Re: [RFC 5/7] mm: introduce external memory hinting API

From: Minchan Kim
Date: Tue May 21 2019 - 06:35:03 EST


On Tue, May 21, 2019 at 08:17:43AM +0200, Michal Hocko wrote:
> On Tue 21-05-19 11:41:07, Minchan Kim wrote:
> > On Mon, May 20, 2019 at 11:18:29AM +0200, Michal Hocko wrote:
> > > [Cc linux-api]
> > >
> > > On Mon 20-05-19 12:52:52, Minchan Kim wrote:
> > > > There is some usecase that centralized userspace daemon want to give
> > > > a memory hint like MADV_[COOL|COLD] to other process. Android's
> > > > ActivityManagerService is one of them.
> > > >
> > > > It's similar in spirit to madvise(MADV_WONTNEED), but the information
> > > > required to make the reclaim decision is not known to the app. Instead,
> > > > it is known to the centralized userspace daemon(ActivityManagerService),
> > > > and that daemon must be able to initiate reclaim on its own without
> > > > any app involvement.
> > >
> > > Could you expand some more about how this all works? How does the
> > > centralized daemon track respective ranges? How does it synchronize
> > > against parallel modification of the address space etc.
> >
> > Currently, we don't track each address ranges because we have two
> > policies at this moment:
> >
> > deactive file pages and reclaim anonymous pages of the app.
> >
> > Since the daemon has a ability to let background apps resume(IOW, process
> > will be run by the daemon) and both hints are non-disruptive stabilty point
> > of view, we are okay for the race.
>
> Fair enough but the API should consider future usecases where this might
> be a problem. So we should really think about those potential scenarios
> now. If we are ok with that, fine, but then we should be explicit and
> document it that way. Essentially say that any sort of synchronization
> is supposed to be done by monitor. This will make the API less usable
> but maybe that is enough.

Okay, I will add more about that in the description.

>
> > > > To solve the issue, this patch introduces new syscall process_madvise(2)
> > > > which works based on pidfd so it could give a hint to the exeternal
> > > > process.
> > > >
> > > > int process_madvise(int pidfd, void *addr, size_t length, int advise);
> > >
> > > OK, this makes some sense from the API point of view. When we have
> > > discussed that at LSFMM I was contemplating about something like that
> > > except the fd would be a VMA fd rather than the process. We could extend
> > > and reuse /proc/<pid>/map_files interface which doesn't support the
> > > anonymous memory right now.
> > >
> > > I am not saying this would be a better interface but I wanted to mention
> > > it here for a further discussion.
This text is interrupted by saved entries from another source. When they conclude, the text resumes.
(* Consider a finite reward-free MDP with occupancy polytope $\Phi$. Let $\mathcal D=\{(d_e^k,\epsilon^k)\}_{k=1}^K$ with $d_e^k\in\Phi$, $\epsilon^k\ge0$, let $d_e'\in\Phi$, $\epsilon'\ge0$, and $\mathcal D^+:=\mathcal D\cup\{(d_e',\epsilon')\}$. Let $\mathcal R^\star\subseteq\Delta(S\times A)$ be the ground-truth reward set and suppose the consistency assumption holds for $\mathcal D$ and $\mathcal D^+$, i.e. $\mathcal R^\star\subseteq\mathcal R(\mathcal D)$ and $\mathcal R^\star\subseteq\mathcal R(\mathcal D^+)$. Then \[\mathcal R^\star\subseteq\mathcal R(\mathcal D^+)\subsetneq\mathcal R(\mathcal D)\quad\text{if and only if}\quad \epsilon'<\max_{r\in\mathcal R(\mathcal D)}\mathrm{subopt}(r,d_e').\]
   Context: The MDP has finite $S$, $A$, transitions $P$, initial distribution $\mu_0$, discount $\gamma\in(0,1)$; $(Md)(s)=\sum_a d(s,a)-\gamma\sum_{s',a'}P(s\mid s',a')d(s',a')$ and $\Phi=\{d\ge0:Md=(1-\gamma)\mu_0\}$. Rewards are $r\in\Delta(S\times A)$. $\mathrm{subopt}(r,d):=\max_{\tilde d\in\Phi}r^\top\tilde d-r^\top d$. For a dataset $\mathcal D=\{(d_e^k,\epsilon^k)\}_k$, $\mathcal R(\mathcal D):=\{r\in\Delta(S\times A):\mathrm{subopt}(r,d_e^k)\le\epsilon^k\ \forall k\}$. *)

theory Defs
  imports Complex_Main
begin

text \<open>Transition kernel P s (s',a') = P(s | s',a'); initial distribution mu0; discount gamma.\<close>

definition is_kernel :: "('s::finite \<Rightarrow> 's \<times> 'a::finite \<Rightarrow> real) \<Rightarrow> bool" where
  "is_kernel P \<longleftrightarrow> (\<forall>s' a'. (\<forall>s. P s (s',a') \<ge> 0) \<and> (\<Sum>s\<in>UNIV. P s (s',a')) = 1)"

definition is_distr :: "('x::finite \<Rightarrow> real) \<Rightarrow> bool" where
  "is_distr f \<longleftrightarrow> (\<forall>x. f x \<ge> 0) \<and> (\<Sum>x\<in>UNIV. f x) = 1"

definition flowM :: "('s::finite \<Rightarrow> 's \<times> 'a::finite \<Rightarrow> real) \<Rightarrow> real \<Rightarrow> ('s \<times> 'a \<Rightarrow> real) \<Rightarrow> 's \<Rightarrow> real" where
  "flowM P \<gamma> d s = (\<Sum>a\<in>UNIV. d (s,a)) - \<gamma> * (\<Sum>sa\<in>UNIV. P s sa * d sa)"

definition Occ :: "('s::finite \<Rightarrow> 's \<times> 'a::finite \<Rightarrow> real) \<Rightarrow> ('s \<Rightarrow> real) \<Rightarrow> real \<Rightarrow> ('s \<times> 'a \<Rightarrow> real) set" where
  "Occ P \<mu>0 \<gamma> = {d. (\<forall>x. d x \<ge> 0) \<and> (\<forall>s. flowM P \<gamma> d s = (1 - \<gamma>) * \<mu>0 s)}"

definition inner_sa :: "('x::finite \<Rightarrow> real) \<Rightarrow> ('x \<Rightarrow> real) \<Rightarrow> real" where
  "inner_sa r d = (\<Sum>x\<in>UNIV. r x * d x)"

definition Rewards :: "('s::finite \<times> 'a::finite \<Rightarrow> real) set" where
  "Rewards = {r. is_distr r}"

text \<open>subopt(r,d) = max_{d'\<in>Phi} r.d' - r.d (the max is attained; written as Sup)\<close>
definition subopt :: "('s::finite \<Rightarrow> 's \<times> 'a::finite \<Rightarrow> real) \<Rightarrow> ('s \<Rightarrow> real) \<Rightarrow> real
    \<Rightarrow> ('s \<times> 'a \<Rightarrow> real) \<Rightarrow> ('s \<times> 'a \<Rightarrow> real) \<Rightarrow> real" where
  "subopt P \<mu>0 \<gamma> r d = Sup ((\<lambda>d'. inner_sa r d') ` Occ P \<mu>0 \<gamma>) - inner_sa r d"

definition RD :: "('s::finite \<Rightarrow> 's \<times> 'a::finite \<Rightarrow> real) \<Rightarrow> ('s \<Rightarrow> real) \<Rightarrow> real
    \<Rightarrow> (('s \<times> 'a \<Rightarrow> real) \<times> real) list \<Rightarrow> ('s \<times> 'a \<Rightarrow> real) set" where
  "RD P \<mu>0 \<gamma> D = {r \<in> Rewards. \<forall>(de, \<epsilon>) \<in> set D. subopt P \<mu>0 \<gamma> r de \<le> \<epsilon>}"

end

theory Submission
  imports Defs
begin

text \<open>Appending the demonstration \<open>(d\<^sub>e', \<epsilon>')\<close> intersects \<open>\<R>(\<D>)\<close> with the sublevel set
  \<open>{r. subopt(r, d\<^sub>e') \<le> \<epsilon>'}\<close>, so the inclusion is strict iff some \<open>r \<in> \<R>(\<D>)\<close> has
  \<open>subopt(r, d\<^sub>e') > \<epsilon>'\<close>, i.e. iff \<open>\<epsilon>'\<close> lies below the supremum. This characterisation of the
  supremum needs the set of values to be nonempty and bounded: the uniform reward is feasible for
  every dataset, since all occupancy measures have total mass 1 and hence earn it the same return,
  and \<open>subopt \<le> 1\<close> because rewards are distributions.\<close>

lemma Collect_le_psubset_iff_less_cSup:
  fixes f :: "'a \<Rightarrow> 'b::conditionally_complete_linorder"
  assumes "A \<noteq> {}" and "bdd_above (f ` A)"
  shows "{x \<in> A. f x \<le> e} \<subset> A \<longleftrightarrow> e < Sup (f ` A)"
proof -
  have "{x \<in> A. f x \<le> e} \<subset> A \<longleftrightarrow> (\<exists>x\<in>A. e < f x)"
    by (force simp: not_le)
  also have "\<dots> \<longleftrightarrow> e < Sup (f ` A)"
    using less_cSup_iff[of "f ` A" e] assms by auto
  finally show ?thesis .
qed

lemma Occ_sum_eq_1:
  fixes P :: "'s::finite \<Rightarrow> 's \<times> 'a::finite \<Rightarrow> real"
  assumes K: "is_kernel P" and M: "is_distr \<mu>0" and g: "\<gamma> \<noteq> 1"
    and d: "d \<in> Occ P \<mu>0 \<gamma>"
  shows "(\<Sum>x\<in>UNIV. d x) = 1"
proof -
  have "(\<Sum>s\<in>UNIV. flowM P \<gamma> d s) = (\<Sum>s\<in>UNIV. (1 - \<gamma>) * \<mu>0 s)"
    using d by (simp add: Occ_def)
  also have "\<dots> = 1 - \<gamma>"
    using M by (simp add: is_distr_def sum_distrib_left[symmetric])
  finally have total_flow: "(\<Sum>s\<in>UNIV. flowM P \<gamma> d s) = 1 - \<gamma>" .
  have state_marginal: "(\<Sum>s\<in>UNIV. \<Sum>a\<in>UNIV. d (s,a)) = (\<Sum>x\<in>UNIV. d x)"
    by (simp add: sum.cartesian_product UNIV_Times_UNIV[symmetric] del: UNIV_Times_UNIV)
  have "(\<Sum>s\<in>UNIV. \<Sum>sa\<in>UNIV. P s sa * d sa) = (\<Sum>sa\<in>UNIV. (\<Sum>s\<in>UNIV. P s sa) * d sa)"
    by (subst sum.swap) (simp add: sum_distrib_right)
  also have "\<dots> = (\<Sum>x\<in>UNIV. d x)"
    using K by (intro sum.cong) (auto simp: is_kernel_def)
  finally have inflow: "(\<Sum>s\<in>UNIV. \<Sum>sa\<in>UNIV. P s sa * d sa) = (\<Sum>x\<in>UNIV. d x)" .
  have "(\<Sum>s\<in>UNIV. flowM P \<gamma> d s) = (1 - \<gamma>) * (\<Sum>x\<in>UNIV. d x)"
    unfolding flowM_def sum_subtractf sum_distrib_left[symmetric] state_marginal inflow
    by (simp add: algebra_simps)
  with total_flow g show ?thesis by simp
qed

lemma inner_sa_nonneg:
  assumes "\<And>x. 0 \<le> r x" and "\<And>x. 0 \<le> d x"
  shows "0 \<le> inner_sa r d"
  unfolding inner_sa_def using assms by (simp add: sum_nonneg)

lemma inner_sa_le_sum:
  assumes r: "is_distr r" and d: "\<And>x. 0 \<le> d x"
  shows "inner_sa r d \<le> (\<Sum>x\<in>UNIV. d x)"
proof -
  have "r x \<le> 1" for x
    using r member_le_sum[of x UNIV r] by (auto simp: is_distr_def)
  then show ?thesis
    unfolding inner_sa_def by (intro sum_mono) (metis d mult_right_mono mult_1)
qed

lemma inner_sa_const_Occ:
  fixes P :: "'s::finite \<Rightarrow> 's \<times> 'a::finite \<Rightarrow> real"
  assumes "is_kernel P" and "is_distr \<mu>0" and "\<gamma> \<noteq> 1" and "d \<in> Occ P \<mu>0 \<gamma>"
  shows "inner_sa (\<lambda>_. c) d = c"
  using Occ_sum_eq_1[OF assms] by (simp add: inner_sa_def sum_distrib_left[symmetric])

lemma subopt_const_eq_0:
  fixes P :: "'s::finite \<Rightarrow> 's \<times> 'a::finite \<Rightarrow> real"
  assumes K: "is_kernel P" and M: "is_distr \<mu>0" and g: "\<gamma> \<noteq> 1"
    and d: "d \<in> Occ P \<mu>0 \<gamma>"
  shows "subopt P \<mu>0 \<gamma> (\<lambda>_. c) d = 0"
proof -
  have "(\<lambda>d'. inner_sa (\<lambda>_. c) d') ` Occ P \<mu>0 \<gamma> = {c}"
    using d inner_sa_const_Occ[OF K M g] by force
  then show ?thesis
    by (simp add: subopt_def inner_sa_const_Occ[OF K M g d])
qed

lemma subopt_le_1:
  fixes P :: "'s::finite \<Rightarrow> 's \<times> 'a::finite \<Rightarrow> real"
  assumes K: "is_kernel P" and M: "is_distr \<mu>0" and g: "\<gamma> \<noteq> 1"
    and d: "d \<in> Occ P \<mu>0 \<gamma>" and r: "r \<in> Rewards"
  shows "subopt P \<mu>0 \<gamma> r d \<le> 1"
proof -
  have r_distr: "is_distr r" and r_nonneg: "\<And>x. 0 \<le> r x"
    using r by (auto simp: Rewards_def is_distr_def)
  have value_le_1: "inner_sa r d' \<le> 1" if "d' \<in> Occ P \<mu>0 \<gamma>" for d'
  proof -
    have "\<And>x. 0 \<le> d' x" using that unfolding Occ_def by blast
    then show ?thesis
      using inner_sa_le_sum[OF r_distr] Occ_sum_eq_1[OF K M g that] by metis
  qed
  have "Sup ((\<lambda>d'. inner_sa r d') ` Occ P \<mu>0 \<gamma>) \<le> 1"
    using d value_le_1 by (intro cSup_least) auto
  moreover have "0 \<le> inner_sa r d"
    using d r_nonneg unfolding Occ_def by (blast intro: inner_sa_nonneg)
  ultimately show ?thesis
    by (simp add: subopt_def)
qed

lemma uniform_reward_in_RD:
  fixes P :: "'s::finite \<Rightarrow> 's \<times> 'a::finite \<Rightarrow> real"
  assumes K: "is_kernel P" and M: "is_distr \<mu>0" and g: "\<gamma> \<noteq> 1"
    and D: "\<forall>(de, \<epsilon>) \<in> set D. de \<in> Occ P \<mu>0 \<gamma> \<and> \<epsilon> \<ge> 0"
  shows "(\<lambda>_. 1 / real (card (UNIV :: ('s \<times> 'a) set))) \<in> RD P \<mu>0 \<gamma> D"
  using D subopt_const_eq_0[OF K M g]
  by (fastforce simp: RD_def Rewards_def is_distr_def)

lemma RD_snoc:
  "RD P \<mu>0 \<gamma> (D @ [(de, \<epsilon>)]) = {r \<in> RD P \<mu>0 \<gamma> D. subopt P \<mu>0 \<gamma> r de \<le> \<epsilon>}"
  by (auto simp: RD_def)

theorem mainTheorem5:
  fixes P :: "'s::finite \<Rightarrow> 's \<times> 'a::finite \<Rightarrow> real"
    and \<mu>0 :: "'s \<Rightarrow> real" and \<gamma> :: real
    and D :: "(('s \<times> 'a \<Rightarrow> real) \<times> real) list"
    and de' :: "'s \<times> 'a \<Rightarrow> real" and \<epsilon>' :: real
    and Rstar :: "('s \<times> 'a \<Rightarrow> real) set"
  assumes "is_kernel P" and "is_distr \<mu>0" and "0 < \<gamma>" and "\<gamma> < 1"
    and "\<forall>(de, \<epsilon>) \<in> set D. de \<in> Occ P \<mu>0 \<gamma> \<and> \<epsilon> \<ge> 0"
    and "de' \<in> Occ P \<mu>0 \<gamma>" and "\<epsilon>' \<ge> 0"
    and "Rstar \<subseteq> Rewards"
    and "Rstar \<subseteq> RD P \<mu>0 \<gamma> D"
    and "Rstar \<subseteq> RD P \<mu>0 \<gamma> (D @ [(de', \<epsilon>')])"
  shows "(Rstar \<subseteq> RD P \<mu>0 \<gamma> (D @ [(de', \<epsilon>')]) \<and>
          RD P \<mu>0 \<gamma> (D @ [(de', \<epsilon>')]) \<subset> RD P \<mu>0 \<gamma> D)
     \<longleftrightarrow> \<epsilon>' < Sup ((\<lambda>r. subopt P \<mu>0 \<gamma> r de') ` RD P \<mu>0 \<gamma> D)"
proof -
  have g: "\<gamma> \<noteq> 1" using \<open>\<gamma> < 1\<close> by simp
  have "RD P \<mu>0 \<gamma> D \<noteq> {}"
    using uniform_reward_in_RD[OF assms(1,2) g assms(5)] by blast
  moreover have "bdd_above ((\<lambda>r. subopt P \<mu>0 \<gamma> r de') ` RD P \<mu>0 \<gamma> D)"
    using subopt_le_1[OF assms(1,2) g assms(6)] by (auto intro!: bdd_aboveI simp: RD_def)
  ultimately have "RD P \<mu>0 \<gamma> (D @ [(de', \<epsilon>')]) \<subset> RD P \<mu>0 \<gamma> D
      \<longleftrightarrow> \<epsilon>' < Sup ((\<lambda>r. subopt P \<mu>0 \<gamma> r de') ` RD P \<mu>0 \<gamma> D)"
    unfolding RD_snoc by (rule Collect_le_psubset_iff_less_cSup)
  with \<open>Rstar \<subseteq> RD P \<mu>0 \<gamma> (D @ [(de', \<epsilon>')])\<close> show ?thesis by blast
qed

end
One slight advantage would be that
> > > you know the exact object that you are operating on because you have a
> > > fd for the VMA and we would have a more straightforward way to reject
> > > operation if the underlying object has changed (e.g. unmapped and reused
> > > for a different mapping).
> >
> > I agree your point. If I didn't miss something, such kinds of vma level
> > modify notification doesn't work even file mapped vma at this moment.
> > For anonymous vma, I think we could use userfaultfd, pontentially.
> > It would be great if someone want to do with disruptive hints like
> > MADV_DONTNEED.
> >
> > I'd like to see it further enhancement after landing address range based
> > operation via limiting hints process_madvise supports to non-disruptive
> > only(e.g., MADV_[COOL|COLD]) so that we could catch up the usercase/workload
> > when someone want to extend the API.
>
> So do you think we want both interfaces (process_madvise and madvisefd)?

What I have in mind is to extend process_madvise later like this

struct pr_madvise_param {
int size; /* the size of this structure */
union {
const struct iovec __user *vec; /* address range array */
int fd; /* supported from 6.0 */
}
}

with introducing new hint Or-able PR_MADV_RANGE_FD, so that process_madvise
can go with fd instead of address range.